[WHAT YOU HAVE TO DO] Each line that holds the string "dots" counts once. Say how many such lines the entries have, giving the number only.

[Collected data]
== Segment start ==

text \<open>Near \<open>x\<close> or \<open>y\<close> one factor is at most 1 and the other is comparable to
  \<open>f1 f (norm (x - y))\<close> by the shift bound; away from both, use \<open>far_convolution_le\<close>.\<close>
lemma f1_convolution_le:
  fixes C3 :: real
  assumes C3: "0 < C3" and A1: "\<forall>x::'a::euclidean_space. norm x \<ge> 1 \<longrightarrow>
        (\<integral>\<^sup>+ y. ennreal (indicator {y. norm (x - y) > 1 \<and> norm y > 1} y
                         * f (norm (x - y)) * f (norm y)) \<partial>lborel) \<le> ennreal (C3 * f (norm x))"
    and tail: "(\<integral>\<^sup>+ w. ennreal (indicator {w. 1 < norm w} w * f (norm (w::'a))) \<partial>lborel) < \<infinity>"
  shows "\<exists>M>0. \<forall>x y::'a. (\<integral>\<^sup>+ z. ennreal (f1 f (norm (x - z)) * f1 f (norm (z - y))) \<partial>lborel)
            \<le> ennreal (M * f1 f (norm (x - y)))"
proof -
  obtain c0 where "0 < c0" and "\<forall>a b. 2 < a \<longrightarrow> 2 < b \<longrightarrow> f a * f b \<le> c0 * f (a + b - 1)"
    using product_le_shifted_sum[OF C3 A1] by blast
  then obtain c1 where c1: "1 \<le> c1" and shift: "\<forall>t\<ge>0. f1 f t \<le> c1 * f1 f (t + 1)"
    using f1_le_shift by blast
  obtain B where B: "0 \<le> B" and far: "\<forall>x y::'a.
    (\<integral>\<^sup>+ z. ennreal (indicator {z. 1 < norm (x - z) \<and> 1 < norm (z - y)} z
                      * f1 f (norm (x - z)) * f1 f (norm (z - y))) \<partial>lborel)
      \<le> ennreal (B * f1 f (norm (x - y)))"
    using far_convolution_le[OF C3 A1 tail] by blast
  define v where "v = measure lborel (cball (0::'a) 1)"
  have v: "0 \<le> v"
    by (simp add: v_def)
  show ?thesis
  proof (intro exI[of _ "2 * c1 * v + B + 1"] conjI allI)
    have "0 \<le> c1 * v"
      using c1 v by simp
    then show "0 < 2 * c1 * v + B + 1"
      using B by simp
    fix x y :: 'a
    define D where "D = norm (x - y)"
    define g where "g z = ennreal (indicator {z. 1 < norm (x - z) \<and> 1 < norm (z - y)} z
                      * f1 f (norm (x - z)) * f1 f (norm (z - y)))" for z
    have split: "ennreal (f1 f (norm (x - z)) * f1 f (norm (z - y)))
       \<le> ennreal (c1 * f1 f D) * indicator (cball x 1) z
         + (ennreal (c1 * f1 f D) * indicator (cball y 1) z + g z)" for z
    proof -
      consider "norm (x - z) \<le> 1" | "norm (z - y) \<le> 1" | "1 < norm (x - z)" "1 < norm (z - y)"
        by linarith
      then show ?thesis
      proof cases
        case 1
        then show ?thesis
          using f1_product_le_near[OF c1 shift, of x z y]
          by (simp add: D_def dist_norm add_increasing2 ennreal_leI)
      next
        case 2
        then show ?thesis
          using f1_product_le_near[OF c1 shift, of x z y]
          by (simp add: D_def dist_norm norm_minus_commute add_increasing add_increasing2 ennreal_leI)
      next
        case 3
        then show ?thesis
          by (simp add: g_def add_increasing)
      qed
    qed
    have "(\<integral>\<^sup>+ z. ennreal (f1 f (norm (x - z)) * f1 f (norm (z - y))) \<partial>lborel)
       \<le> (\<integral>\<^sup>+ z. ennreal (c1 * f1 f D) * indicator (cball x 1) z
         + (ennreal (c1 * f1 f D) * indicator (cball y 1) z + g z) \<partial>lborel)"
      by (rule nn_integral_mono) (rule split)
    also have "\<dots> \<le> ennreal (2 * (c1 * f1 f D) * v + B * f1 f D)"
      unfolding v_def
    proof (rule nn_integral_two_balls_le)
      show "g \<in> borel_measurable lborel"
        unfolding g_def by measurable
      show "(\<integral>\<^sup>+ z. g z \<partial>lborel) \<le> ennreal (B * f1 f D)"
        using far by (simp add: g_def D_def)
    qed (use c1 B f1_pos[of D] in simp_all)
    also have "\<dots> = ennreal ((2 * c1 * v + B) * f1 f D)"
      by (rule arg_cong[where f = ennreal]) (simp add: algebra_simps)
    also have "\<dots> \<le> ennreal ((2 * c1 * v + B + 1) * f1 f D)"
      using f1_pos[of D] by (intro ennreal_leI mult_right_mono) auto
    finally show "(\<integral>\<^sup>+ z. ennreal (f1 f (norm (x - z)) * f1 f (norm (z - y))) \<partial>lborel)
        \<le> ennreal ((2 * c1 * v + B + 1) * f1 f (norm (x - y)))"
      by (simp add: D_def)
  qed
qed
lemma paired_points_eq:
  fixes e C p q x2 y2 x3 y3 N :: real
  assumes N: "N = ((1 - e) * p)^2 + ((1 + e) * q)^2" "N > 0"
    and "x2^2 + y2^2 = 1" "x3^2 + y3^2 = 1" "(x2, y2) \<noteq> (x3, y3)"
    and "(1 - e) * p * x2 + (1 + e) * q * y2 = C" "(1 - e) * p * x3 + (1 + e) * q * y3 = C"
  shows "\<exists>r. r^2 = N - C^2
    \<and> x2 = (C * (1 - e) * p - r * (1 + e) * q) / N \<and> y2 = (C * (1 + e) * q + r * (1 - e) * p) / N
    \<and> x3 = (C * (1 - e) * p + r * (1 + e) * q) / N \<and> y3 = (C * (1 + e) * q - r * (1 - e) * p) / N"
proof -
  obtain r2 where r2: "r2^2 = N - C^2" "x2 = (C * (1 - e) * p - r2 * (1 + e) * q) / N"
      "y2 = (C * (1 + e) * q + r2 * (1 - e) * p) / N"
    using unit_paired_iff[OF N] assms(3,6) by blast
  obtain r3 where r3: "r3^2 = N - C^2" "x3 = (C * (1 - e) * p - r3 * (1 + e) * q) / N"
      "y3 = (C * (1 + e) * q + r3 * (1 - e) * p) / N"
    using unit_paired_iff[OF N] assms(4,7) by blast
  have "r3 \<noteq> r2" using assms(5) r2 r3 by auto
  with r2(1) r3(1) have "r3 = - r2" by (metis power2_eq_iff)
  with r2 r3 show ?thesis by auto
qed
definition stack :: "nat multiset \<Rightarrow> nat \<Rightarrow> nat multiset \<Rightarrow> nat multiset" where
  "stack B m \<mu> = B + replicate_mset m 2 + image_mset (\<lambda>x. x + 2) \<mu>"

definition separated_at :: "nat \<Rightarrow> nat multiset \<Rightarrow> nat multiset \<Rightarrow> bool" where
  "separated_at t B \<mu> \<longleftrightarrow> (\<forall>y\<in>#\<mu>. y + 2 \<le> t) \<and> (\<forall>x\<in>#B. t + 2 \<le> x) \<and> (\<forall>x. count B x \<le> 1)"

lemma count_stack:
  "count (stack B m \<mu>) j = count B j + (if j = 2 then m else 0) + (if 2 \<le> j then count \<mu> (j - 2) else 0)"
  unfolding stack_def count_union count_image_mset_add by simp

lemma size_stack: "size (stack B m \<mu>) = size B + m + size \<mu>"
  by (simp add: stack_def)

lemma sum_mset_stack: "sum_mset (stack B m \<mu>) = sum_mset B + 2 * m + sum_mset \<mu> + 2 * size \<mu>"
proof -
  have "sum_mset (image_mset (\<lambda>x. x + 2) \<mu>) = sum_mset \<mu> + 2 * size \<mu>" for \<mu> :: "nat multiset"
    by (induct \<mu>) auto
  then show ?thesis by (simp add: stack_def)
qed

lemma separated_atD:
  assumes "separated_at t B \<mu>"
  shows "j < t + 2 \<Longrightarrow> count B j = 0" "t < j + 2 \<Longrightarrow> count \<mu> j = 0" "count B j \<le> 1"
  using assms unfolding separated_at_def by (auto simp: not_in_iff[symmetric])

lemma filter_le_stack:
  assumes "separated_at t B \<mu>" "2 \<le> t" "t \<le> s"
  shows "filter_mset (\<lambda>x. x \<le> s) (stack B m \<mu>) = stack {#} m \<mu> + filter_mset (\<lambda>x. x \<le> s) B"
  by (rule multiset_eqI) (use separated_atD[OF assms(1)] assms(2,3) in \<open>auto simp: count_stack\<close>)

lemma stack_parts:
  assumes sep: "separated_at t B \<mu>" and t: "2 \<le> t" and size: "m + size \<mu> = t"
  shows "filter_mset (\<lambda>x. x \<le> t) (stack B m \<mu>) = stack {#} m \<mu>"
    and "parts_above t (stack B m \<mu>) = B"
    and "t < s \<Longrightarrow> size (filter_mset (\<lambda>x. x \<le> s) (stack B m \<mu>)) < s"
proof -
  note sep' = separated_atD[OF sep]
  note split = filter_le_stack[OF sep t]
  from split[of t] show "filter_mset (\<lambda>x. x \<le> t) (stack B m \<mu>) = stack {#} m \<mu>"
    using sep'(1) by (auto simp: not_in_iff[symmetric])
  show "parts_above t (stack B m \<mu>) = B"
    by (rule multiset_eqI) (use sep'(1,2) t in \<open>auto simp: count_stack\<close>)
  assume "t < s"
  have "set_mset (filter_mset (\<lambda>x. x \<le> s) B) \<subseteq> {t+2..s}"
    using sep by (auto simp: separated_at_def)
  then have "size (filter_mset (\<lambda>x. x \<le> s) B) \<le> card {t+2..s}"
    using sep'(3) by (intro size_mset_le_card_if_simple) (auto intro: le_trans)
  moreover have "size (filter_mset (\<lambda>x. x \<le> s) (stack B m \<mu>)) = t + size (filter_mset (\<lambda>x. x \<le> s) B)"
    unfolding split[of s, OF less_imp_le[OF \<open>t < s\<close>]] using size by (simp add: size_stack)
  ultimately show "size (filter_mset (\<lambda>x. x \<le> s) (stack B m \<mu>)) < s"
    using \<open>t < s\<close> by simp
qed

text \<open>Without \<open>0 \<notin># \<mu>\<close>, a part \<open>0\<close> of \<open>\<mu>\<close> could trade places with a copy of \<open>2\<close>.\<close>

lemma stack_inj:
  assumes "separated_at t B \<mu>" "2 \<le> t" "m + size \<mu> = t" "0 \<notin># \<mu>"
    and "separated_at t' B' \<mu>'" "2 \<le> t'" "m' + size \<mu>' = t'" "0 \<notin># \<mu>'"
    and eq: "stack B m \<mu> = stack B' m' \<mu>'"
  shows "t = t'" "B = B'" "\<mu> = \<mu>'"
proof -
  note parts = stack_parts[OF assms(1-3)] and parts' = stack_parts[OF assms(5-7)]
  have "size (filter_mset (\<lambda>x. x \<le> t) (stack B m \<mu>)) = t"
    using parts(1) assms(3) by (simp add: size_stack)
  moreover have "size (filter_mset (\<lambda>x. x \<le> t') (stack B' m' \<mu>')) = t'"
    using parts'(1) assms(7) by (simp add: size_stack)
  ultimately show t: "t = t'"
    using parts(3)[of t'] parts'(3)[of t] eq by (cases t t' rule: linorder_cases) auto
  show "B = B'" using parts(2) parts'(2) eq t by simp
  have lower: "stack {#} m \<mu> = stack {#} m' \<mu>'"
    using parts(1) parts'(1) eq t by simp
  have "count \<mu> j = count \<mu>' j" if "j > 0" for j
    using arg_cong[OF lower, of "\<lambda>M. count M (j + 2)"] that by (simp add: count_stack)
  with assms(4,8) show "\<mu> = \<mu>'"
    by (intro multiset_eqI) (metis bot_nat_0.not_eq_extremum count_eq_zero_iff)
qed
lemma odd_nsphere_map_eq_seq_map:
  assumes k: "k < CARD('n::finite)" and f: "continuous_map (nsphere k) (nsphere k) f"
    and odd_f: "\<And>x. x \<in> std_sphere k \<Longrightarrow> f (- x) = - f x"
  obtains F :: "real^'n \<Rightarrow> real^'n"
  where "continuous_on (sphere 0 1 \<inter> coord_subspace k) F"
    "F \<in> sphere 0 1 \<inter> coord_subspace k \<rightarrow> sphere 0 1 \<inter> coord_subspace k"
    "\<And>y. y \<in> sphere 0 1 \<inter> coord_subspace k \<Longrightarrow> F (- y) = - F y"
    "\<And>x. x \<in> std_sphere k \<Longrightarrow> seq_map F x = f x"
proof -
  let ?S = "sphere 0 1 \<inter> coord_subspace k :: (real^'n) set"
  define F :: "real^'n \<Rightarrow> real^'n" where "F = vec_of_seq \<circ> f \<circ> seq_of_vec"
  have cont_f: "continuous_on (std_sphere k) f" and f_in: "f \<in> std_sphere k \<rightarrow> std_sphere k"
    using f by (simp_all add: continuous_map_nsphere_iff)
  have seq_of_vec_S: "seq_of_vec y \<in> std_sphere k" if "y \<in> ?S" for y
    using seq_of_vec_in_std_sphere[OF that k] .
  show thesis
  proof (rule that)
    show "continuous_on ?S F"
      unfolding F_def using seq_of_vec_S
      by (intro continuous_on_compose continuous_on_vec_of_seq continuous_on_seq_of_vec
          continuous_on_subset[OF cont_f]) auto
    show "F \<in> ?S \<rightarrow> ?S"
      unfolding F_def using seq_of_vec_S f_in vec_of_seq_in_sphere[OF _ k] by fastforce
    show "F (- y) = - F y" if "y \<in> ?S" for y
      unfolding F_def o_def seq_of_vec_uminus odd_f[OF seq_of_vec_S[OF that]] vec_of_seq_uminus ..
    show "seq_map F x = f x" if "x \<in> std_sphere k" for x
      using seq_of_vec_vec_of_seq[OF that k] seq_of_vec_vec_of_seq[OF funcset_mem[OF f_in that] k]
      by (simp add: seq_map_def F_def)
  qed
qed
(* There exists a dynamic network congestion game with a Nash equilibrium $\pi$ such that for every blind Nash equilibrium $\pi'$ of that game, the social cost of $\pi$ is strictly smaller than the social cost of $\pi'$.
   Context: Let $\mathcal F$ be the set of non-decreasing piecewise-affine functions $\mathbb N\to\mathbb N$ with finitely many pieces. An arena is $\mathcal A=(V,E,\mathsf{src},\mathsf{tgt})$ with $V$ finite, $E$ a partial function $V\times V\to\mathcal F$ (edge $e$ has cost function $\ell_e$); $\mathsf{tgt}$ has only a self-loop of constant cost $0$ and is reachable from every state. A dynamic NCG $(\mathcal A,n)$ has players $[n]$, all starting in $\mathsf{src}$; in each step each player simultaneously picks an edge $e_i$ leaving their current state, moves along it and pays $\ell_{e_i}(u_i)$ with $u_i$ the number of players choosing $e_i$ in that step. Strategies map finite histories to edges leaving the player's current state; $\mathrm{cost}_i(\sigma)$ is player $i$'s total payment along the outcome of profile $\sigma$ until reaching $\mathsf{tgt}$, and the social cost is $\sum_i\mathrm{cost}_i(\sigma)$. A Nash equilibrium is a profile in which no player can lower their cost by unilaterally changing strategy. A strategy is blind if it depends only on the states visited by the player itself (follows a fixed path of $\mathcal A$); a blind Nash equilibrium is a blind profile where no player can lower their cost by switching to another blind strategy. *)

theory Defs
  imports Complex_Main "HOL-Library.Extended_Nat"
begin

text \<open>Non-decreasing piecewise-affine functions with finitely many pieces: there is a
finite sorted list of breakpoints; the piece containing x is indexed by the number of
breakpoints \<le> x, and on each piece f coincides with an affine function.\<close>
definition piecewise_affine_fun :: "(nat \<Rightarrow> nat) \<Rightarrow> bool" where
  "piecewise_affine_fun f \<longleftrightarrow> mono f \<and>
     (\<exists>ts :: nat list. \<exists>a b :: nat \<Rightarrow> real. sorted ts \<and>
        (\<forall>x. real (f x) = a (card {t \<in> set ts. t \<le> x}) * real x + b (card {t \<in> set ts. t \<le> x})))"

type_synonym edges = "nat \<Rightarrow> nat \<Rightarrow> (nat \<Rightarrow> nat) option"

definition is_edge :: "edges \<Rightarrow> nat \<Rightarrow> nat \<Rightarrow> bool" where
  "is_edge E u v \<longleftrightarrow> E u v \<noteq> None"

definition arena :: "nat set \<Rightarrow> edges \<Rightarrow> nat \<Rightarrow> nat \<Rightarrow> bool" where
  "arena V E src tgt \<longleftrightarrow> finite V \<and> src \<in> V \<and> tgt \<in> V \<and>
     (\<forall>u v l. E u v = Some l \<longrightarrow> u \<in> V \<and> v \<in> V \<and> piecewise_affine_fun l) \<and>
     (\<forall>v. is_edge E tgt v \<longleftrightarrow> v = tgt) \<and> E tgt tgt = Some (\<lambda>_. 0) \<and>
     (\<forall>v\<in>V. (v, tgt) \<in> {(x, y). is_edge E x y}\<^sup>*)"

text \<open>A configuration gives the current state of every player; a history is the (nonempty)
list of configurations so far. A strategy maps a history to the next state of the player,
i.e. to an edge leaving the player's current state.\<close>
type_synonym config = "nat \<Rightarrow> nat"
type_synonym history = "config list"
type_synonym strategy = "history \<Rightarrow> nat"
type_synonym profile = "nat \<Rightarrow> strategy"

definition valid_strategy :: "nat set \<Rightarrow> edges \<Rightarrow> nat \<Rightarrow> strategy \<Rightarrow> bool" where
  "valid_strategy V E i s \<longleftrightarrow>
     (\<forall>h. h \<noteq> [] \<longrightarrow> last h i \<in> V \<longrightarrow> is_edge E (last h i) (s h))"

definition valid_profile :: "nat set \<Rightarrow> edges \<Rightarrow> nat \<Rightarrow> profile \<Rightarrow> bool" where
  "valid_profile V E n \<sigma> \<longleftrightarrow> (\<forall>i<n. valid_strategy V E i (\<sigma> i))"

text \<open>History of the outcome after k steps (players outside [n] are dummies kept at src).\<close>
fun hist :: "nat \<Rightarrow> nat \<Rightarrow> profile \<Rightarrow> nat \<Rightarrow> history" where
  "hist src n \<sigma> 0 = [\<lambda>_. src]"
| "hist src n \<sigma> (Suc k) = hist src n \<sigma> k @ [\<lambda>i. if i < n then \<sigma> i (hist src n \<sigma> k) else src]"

== Segment end ==

[REPLY] 3